§ Data for this exercise

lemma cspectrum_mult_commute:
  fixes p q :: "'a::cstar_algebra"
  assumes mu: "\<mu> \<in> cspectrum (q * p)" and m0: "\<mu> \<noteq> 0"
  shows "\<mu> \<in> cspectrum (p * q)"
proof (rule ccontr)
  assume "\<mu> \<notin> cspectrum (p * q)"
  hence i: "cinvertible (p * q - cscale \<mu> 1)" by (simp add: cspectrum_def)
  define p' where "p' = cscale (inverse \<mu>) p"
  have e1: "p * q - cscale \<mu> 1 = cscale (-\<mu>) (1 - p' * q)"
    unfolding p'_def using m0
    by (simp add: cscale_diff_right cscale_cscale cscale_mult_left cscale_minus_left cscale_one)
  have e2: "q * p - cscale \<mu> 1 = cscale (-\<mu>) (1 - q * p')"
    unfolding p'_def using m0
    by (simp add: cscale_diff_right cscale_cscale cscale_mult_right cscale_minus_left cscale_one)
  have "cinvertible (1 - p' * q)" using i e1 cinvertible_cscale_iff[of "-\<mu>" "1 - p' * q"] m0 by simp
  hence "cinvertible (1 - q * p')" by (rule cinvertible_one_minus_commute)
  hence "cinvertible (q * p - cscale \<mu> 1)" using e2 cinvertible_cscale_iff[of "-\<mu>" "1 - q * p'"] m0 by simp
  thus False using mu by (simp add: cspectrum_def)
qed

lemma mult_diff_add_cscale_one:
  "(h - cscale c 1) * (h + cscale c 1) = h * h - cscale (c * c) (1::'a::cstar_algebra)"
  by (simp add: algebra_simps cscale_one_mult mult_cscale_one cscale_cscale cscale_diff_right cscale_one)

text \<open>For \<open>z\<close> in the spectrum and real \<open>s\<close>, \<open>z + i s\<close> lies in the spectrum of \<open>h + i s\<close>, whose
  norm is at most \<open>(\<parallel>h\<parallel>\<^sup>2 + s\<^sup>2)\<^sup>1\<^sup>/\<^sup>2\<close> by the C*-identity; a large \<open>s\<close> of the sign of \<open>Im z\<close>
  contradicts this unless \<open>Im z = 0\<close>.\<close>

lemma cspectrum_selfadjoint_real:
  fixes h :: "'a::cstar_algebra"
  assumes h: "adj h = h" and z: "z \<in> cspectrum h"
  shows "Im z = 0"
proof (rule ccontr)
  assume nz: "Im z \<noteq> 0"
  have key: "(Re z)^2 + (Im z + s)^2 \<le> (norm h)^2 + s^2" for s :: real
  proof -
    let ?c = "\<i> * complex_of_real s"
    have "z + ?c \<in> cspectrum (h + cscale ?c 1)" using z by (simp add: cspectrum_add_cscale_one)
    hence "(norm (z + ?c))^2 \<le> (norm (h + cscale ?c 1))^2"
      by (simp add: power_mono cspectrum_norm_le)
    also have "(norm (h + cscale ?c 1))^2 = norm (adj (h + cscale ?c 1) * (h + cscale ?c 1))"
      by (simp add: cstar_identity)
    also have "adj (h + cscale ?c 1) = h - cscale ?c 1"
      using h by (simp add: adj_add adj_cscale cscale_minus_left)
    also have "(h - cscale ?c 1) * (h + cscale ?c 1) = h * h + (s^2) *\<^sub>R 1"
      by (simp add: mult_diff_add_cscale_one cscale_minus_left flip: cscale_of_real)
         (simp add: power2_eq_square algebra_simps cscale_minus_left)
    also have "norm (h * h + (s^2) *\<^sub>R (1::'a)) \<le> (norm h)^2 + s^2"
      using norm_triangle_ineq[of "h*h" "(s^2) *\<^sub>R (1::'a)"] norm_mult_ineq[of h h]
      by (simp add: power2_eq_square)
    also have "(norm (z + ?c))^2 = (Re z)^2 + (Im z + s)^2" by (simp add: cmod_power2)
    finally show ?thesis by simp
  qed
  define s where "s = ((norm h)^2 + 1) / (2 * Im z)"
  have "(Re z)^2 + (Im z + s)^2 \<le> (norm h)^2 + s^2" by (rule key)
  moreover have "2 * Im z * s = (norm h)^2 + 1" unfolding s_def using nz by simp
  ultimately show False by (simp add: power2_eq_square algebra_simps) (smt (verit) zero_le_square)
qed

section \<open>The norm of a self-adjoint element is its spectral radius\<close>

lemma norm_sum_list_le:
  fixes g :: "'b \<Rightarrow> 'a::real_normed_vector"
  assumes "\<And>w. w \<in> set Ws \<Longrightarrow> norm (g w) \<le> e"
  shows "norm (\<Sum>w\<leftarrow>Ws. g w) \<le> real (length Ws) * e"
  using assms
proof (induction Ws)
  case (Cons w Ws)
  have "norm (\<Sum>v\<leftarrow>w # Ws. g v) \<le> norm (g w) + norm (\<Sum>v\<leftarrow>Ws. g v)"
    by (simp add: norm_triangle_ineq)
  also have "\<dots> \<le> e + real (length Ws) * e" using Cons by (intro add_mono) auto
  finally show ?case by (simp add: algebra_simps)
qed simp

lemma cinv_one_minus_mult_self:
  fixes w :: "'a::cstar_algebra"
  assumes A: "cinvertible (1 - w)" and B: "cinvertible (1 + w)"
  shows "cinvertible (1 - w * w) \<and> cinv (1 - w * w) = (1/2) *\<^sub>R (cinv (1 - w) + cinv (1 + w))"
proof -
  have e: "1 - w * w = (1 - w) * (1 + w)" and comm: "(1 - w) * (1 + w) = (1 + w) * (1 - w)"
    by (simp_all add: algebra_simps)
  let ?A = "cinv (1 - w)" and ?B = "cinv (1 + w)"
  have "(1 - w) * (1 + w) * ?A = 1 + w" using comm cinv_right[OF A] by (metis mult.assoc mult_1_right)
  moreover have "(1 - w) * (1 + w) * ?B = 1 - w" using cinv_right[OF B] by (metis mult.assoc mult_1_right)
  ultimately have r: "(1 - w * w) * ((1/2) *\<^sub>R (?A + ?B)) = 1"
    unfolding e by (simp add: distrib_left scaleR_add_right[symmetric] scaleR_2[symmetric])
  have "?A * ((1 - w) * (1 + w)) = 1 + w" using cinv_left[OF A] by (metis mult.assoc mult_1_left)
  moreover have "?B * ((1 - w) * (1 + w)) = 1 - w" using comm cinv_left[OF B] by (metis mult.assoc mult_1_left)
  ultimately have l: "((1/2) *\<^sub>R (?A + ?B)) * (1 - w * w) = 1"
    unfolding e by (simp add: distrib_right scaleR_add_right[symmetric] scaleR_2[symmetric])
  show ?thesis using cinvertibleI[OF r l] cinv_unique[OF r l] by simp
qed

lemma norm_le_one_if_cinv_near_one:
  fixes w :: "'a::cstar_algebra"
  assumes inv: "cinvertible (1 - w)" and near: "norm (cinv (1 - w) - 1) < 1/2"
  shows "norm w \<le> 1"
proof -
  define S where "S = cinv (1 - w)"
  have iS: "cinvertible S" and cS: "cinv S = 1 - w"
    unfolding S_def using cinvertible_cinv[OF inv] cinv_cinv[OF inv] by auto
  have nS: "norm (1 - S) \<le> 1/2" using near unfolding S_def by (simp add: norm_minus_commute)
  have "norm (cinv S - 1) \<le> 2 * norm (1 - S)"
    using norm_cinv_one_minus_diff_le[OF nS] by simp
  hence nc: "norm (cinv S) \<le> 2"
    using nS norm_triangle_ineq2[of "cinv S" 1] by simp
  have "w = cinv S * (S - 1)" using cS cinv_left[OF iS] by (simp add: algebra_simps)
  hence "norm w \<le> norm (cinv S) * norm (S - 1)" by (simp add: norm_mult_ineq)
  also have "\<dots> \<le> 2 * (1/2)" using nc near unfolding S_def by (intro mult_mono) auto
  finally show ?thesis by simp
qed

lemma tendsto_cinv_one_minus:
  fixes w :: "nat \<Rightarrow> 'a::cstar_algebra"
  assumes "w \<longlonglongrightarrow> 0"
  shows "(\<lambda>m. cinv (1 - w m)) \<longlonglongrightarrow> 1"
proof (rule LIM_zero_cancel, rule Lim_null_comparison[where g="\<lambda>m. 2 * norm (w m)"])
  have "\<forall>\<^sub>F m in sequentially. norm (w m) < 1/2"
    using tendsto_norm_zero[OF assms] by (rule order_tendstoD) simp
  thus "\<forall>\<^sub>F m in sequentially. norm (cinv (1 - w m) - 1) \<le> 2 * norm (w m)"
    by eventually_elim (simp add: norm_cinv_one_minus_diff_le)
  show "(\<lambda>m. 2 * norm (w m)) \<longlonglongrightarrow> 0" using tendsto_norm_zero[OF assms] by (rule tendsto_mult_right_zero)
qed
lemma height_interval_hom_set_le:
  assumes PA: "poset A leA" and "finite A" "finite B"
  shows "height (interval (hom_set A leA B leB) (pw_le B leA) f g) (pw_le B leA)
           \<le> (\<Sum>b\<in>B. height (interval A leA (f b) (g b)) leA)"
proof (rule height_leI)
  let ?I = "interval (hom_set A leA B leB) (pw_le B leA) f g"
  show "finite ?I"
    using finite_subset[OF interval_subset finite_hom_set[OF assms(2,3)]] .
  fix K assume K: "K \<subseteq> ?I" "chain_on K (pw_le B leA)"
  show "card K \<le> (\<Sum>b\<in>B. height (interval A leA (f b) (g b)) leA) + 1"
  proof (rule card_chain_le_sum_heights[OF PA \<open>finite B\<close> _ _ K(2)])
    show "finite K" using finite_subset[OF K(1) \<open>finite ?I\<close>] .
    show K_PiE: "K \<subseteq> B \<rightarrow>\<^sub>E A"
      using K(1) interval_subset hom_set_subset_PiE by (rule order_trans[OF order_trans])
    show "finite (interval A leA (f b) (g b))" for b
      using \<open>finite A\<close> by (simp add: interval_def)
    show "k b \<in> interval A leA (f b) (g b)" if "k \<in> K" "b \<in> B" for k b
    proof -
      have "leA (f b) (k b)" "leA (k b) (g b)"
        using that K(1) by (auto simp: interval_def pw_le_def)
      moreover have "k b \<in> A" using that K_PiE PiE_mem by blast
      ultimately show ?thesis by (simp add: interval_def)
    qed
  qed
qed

§ Exercise aim
Reproduce every line in the data that has the word "noteq" in it.

§ Your response
  assumes mu: "\<mu> \<in> cspectrum (q * p)" and m0: "\<mu> \<noteq> 0"
  assume nz: "Im z \<noteq> 0"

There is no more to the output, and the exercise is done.